WHAT THE EXERCISE ASKS — Exactness is required throughout. Return every record once more.

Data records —
- - - -

lemma sup_pres_join:
  assumes "sup_pres X Y f" "x \<in> carrier X" "y \<in> carrier X"
  shows "f (x \<squnion>\<^bsub>X\<^esub> y) = f x \<squnion>\<^bsub>Y\<^esub> f y"
  using sup_pres_is_join_pres[OF weak_sup_pres[OF assms(1)]] assms(2,3) by (simp add: join_pres_def)

lemma sup_pres_bottom:
  assumes "sup_pres X Y f"
  shows "f (\<Squnion>\<^bsub>X\<^esub> {}) = \<Squnion>\<^bsub>Y\<^esub> {}"
  using assms by (simp add: sup_pres_def)

lemma sup_pres_mono:
  assumes "sup_pres X Y f" "f \<in> carrier X \<rightarrow> carrier Y"
    "x \<in> carrier X" "y \<in> carrier X" "x \<sqsubseteq>\<^bsub>X\<^esub> y"
  shows "f x \<sqsubseteq>\<^bsub>Y\<^esub> f y"
  using join_pres_isotone[OF assms(2) sup_pres_is_join_pres[OF weak_sup_pres[OF assms(1)]]] assms(3-5)
  by (rule use_iso2)

lemma sup_pres_reflect:
  assumes "sup_pres X Y f" "inj_on f (carrier X)" "f \<in> carrier X \<rightarrow> carrier Y"
    "x \<in> carrier X" "y \<in> carrier X" "f x \<sqsubseteq>\<^bsub>Y\<^esub> f y"
  shows "x \<sqsubseteq>\<^bsub>X\<^esub> y"
proof -
  interpret X: complete_lattice X using assms(1) by (simp add: sup_pres_def)
  interpret Y: complete_lattice Y using assms(1) by (simp add: sup_pres_def)
  have "f x \<in> carrier Y" "f y \<in> carrier Y" using assms(3-5) by auto
  then have "f (x \<squnion>\<^bsub>X\<^esub> y) = f y"
    using sup_pres_join[OF assms(1,4,5)] Y.le_iff_meet assms(6) by simp
  then have "x \<squnion>\<^bsub>X\<^esub> y = y" using assms(2,4,5) by (auto dest: inj_onD)
  then show ?thesis using X.le_iff_meet assms(4,5) by simp
qed

lemma alg_morphism_upset:
  assumes "alg_morphism X Y f" "a \<in> carrier X"
  shows "alg_morphism (upset X a) (upset Y (f a)) f"
proof -
  have sp: "sup_pres X Y f" and f: "f \<in> carrier X \<rightarrow> carrier Y"
    and alg: "algebraic_lattice X" "algebraic_lattice Y"
    and cp: "\<And>c. compact_elem X c \<Longrightarrow> compact_elem Y (f c)"
    using assms(1) by (auto simp: alg_morphism_def)
  have cl: "complete_lattice X" "complete_lattice Y" using sp by (auto simp: sup_pres_def)
  have fa: "f a \<in> carrier Y" using f assms(2) by auto
  have fU: "f \<in> carrier (upset X a) \<rightarrow> carrier (upset Y (f a))"
    using sup_pres_mono[OF sp f assms(2)] f by (auto simp: upset_carrier)
  have "sup_pres (upset X a) (upset Y (f a)) f"
    unfolding sup_pres_def
  proof (intro conjI allI impI)
    fix A assume A: "A \<subseteq> carrier (upset X a)"
    then have "insert a A \<subseteq> carrier X" using assms(2) by (auto simp: upset_carrier)
    then have "f (\<Squnion>\<^bsub>X\<^esub> (insert a A)) = \<Squnion>\<^bsub>Y\<^esub> (insert (f a) (f ` A))"
      using sp by (simp add: sup_pres_def)
    moreover have "f ` A \<subseteq> carrier (upset Y (f a))" using A fU by auto
    ultimately show "f (\<Squnion>\<^bsub>upset X a\<^esub> A) = \<Squnion>\<^bsub>upset Y (f a)\<^esub> (f ` A)"
      by (simp add: sup_upset[OF cl(1) assms(2) A] sup_upset[OF cl(2) fa])
  qed (use cl assms(2) fa in \<open>auto intro: complete_lattice_upset\<close>)
  moreover have "compact_elem (upset Y (f a)) (f c)" if c: "compact_elem (upset X a) c" for c
  proof -
    obtain k where k: "compact_elem X k" "c = k \<squnion>\<^bsub>X\<^esub> a"
      by (rule compact_elem_upsetE[OF alg(1) assms(2) c])
    then have "f c = f k \<squnion>\<^bsub>Y\<^esub> f a"
      using sup_pres_join[OF sp compact_elem_carrier[OF k(1)] assms(2)] by simp
    then show ?thesis using compact_elem_upset_join[OF cl(2) fa cp[OF k(1)]] by simp
  qed
  ultimately show ?thesis
    using fU alg assms(2) fa by (simp add: alg_morphism_def algebraic_lattice_upset)
qed

lemma upset_bottom:
  assumes "complete_lattice L"
  shows "upset L (\<Squnion>\<^bsub>L\<^esub> {}) = L"
proof -
  interpret complete_lattice L by fact
  have "{y \<in> carrier L. \<Squnion>\<^bsub>L\<^esub> {} \<sqsubseteq>\<^bsub>L\<^esub> y} = carrier L" by (auto intro: sup_least)
  then show ?thesis by (simp add: upset_def)
qed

- - - -

TASK RESULT —
lemma sup_pres_join:
  assumes "sup_pres X Y f" "x \<in> carrier X" "y \<in> carrier X"
  shows "f (x \<squnion>\<^bsub>X\<^esub> y) = f x \<squnion>\<^bsub>Y\<^esub> f y"
  using sup_pres_is_join_pres[OF weak_sup_pres[OF assms(1)]] assms(2,3) by (simp add: join_pres_def)

lemma sup_pres_bottom:
  assumes "sup_pres X Y f"
  shows "f (\<Squnion>\<^bsub>X\<^esub> {}) = \<Squnion>\<^bsub>Y\<^esub> {}"
  using assms by (simp add: sup_pres_def)

lemma sup_pres_mono:
  assumes "sup_pres X Y f" "f \<in> carrier X \<rightarrow> carrier Y"
    "x \<in> carrier X" "y \<in> carrier X" "x \<sqsubseteq>\<^bsub>X\<^esub> y"
  shows "f x \<sqsubseteq>\<^bsub>Y\<^esub> f y"
  using join_pres_isotone[OF assms(2) sup_pres_is_join_pres[OF weak_sup_pres[OF assms(1)]]] assms(3-5)
  by (rule use_iso2)

lemma sup_pres_reflect:
  assumes "sup_pres X Y f" "inj_on f (carrier X)" "f \<in> carrier X \<rightarrow> carrier Y"
    "x \<in> carrier X" "y \<in> carrier X" "f x \<sqsubseteq>\<^bsub>Y\<^esub> f y"
  shows "x \<sqsubseteq>\<^bsub>X\<^esub> y"
proof -
  interpret X: complete_lattice X using assms(1) by (simp add: sup_pres_def)
  interpret Y: complete_lattice Y using assms(1) by (simp add: sup_pres_def)
  have "f x \<in> carrier Y" "f y \<in> carrier Y" using assms(3-5) by auto
  then have "f (x \<squnion>\<^bsub>X\<^esub> y) = f y"
    using sup_pres_join[OF assms(1,4,5)] Y.le_iff_meet assms(6) by simp
  then have "x \<squnion>\<^bsub>X\<^esub> y = y" using assms(2,4,5) by (auto dest: inj_onD)
  then show ?thesis using X.le_iff_meet assms(4,5) by simp
qed

lemma alg_morphism_upset:
  assumes "alg_morphism X Y f" "a \<in> carrier X"
  shows "alg_morphism (upset X a) (upset Y (f a)) f"
proof -
  have sp: "sup_pres X Y f" and f: "f \<in> carrier X \<rightarrow> carrier Y"
    and alg: "algebraic_lattice X" "algebraic_lattice Y"
    and cp: "\<And>c. compact_elem X c \<Longrightarrow> compact_elem Y (f c)"
    using assms(1) by (auto simp: alg_morphism_def)
  have cl: "complete_lattice X" "complete_lattice Y" using sp by (auto simp: sup_pres_def)
  have fa: "f a \<in> carrier Y" using f assms(2) by auto
  have fU: "f \<in> carrier (upset X a) \<rightarrow> carrier (upset Y (f a))"
    using sup_pres_mono[OF sp f assms(2)] f by (auto simp: upset_carrier)
  have "sup_pres (upset X a) (upset Y (f a)) f"
    unfolding sup_pres_def
  proof (intro conjI allI impI)
    fix A assume A: "A \<subseteq> carrier (upset X a)"
    then have "insert a A \<subseteq> carrier X" using assms(2) by (auto simp: upset_carrier)
    then have "f (\<Squnion>\<^bsub>X\<^esub> (insert a A)) = \<Squnion>\<^bsub>Y\<^esub> (insert (f a) (f ` A))"
      using sp by (simp add: sup_pres_def)
    moreover have "f ` A \<subseteq> carrier (upset Y (f a))" using A fU by auto
    ultimately show "f (\<Squnion>\<^bsub>upset X a\<^esub> A) = \<Squnion>\<^bsub>upset Y (f a)\<^esub> (f ` A)"
      by (simp add: sup_upset[OF cl(1) assms(2) A] sup_upset[OF cl(2) fa])
  qed (use cl assms(2) fa in \<open>auto intro: complete_lattice_upset\<close>)
  moreover have "compact_elem (upset Y (f a)) (f c)" if c: "compact_elem (upset X a) c" for c
  proof -
    obtain k where k: "compact_elem X k" "c = k \<squnion>\<^bsub>X\<^esub> a"
      by (rule compact_elem_upsetE[OF alg(1) assms(2) c])
    then have "f c = f k \<squnion>\<^bsub>Y\<^esub> f a"
      using sup_pres_join[OF sp compact_elem_carrier[OF k(1)] assms(2)] by simp
    then show ?thesis using compact_elem_upset_join[OF cl(2) fa cp[OF k(1)]] by simp
  qed
  ultimately show ?thesis
    using fU alg assms(2) fa by (simp add: alg_morphism_def algebraic_lattice_upset)
qed

lemma upset_bottom:
  assumes "complete_lattice L"
  shows "upset L (\<Squnion>\<^bsub>L\<^esub> {}) = L"
proof -
  interpret complete_lattice L by fact
  have "{y \<in> carrier L. \<Squnion>\<^bsub>L\<^esub> {} \<sqsubseteq>\<^bsub>L\<^esub> y} = carrier L" by (auto intro: sup_least)
  then show ?thesis by (simp add: upset_def)
qed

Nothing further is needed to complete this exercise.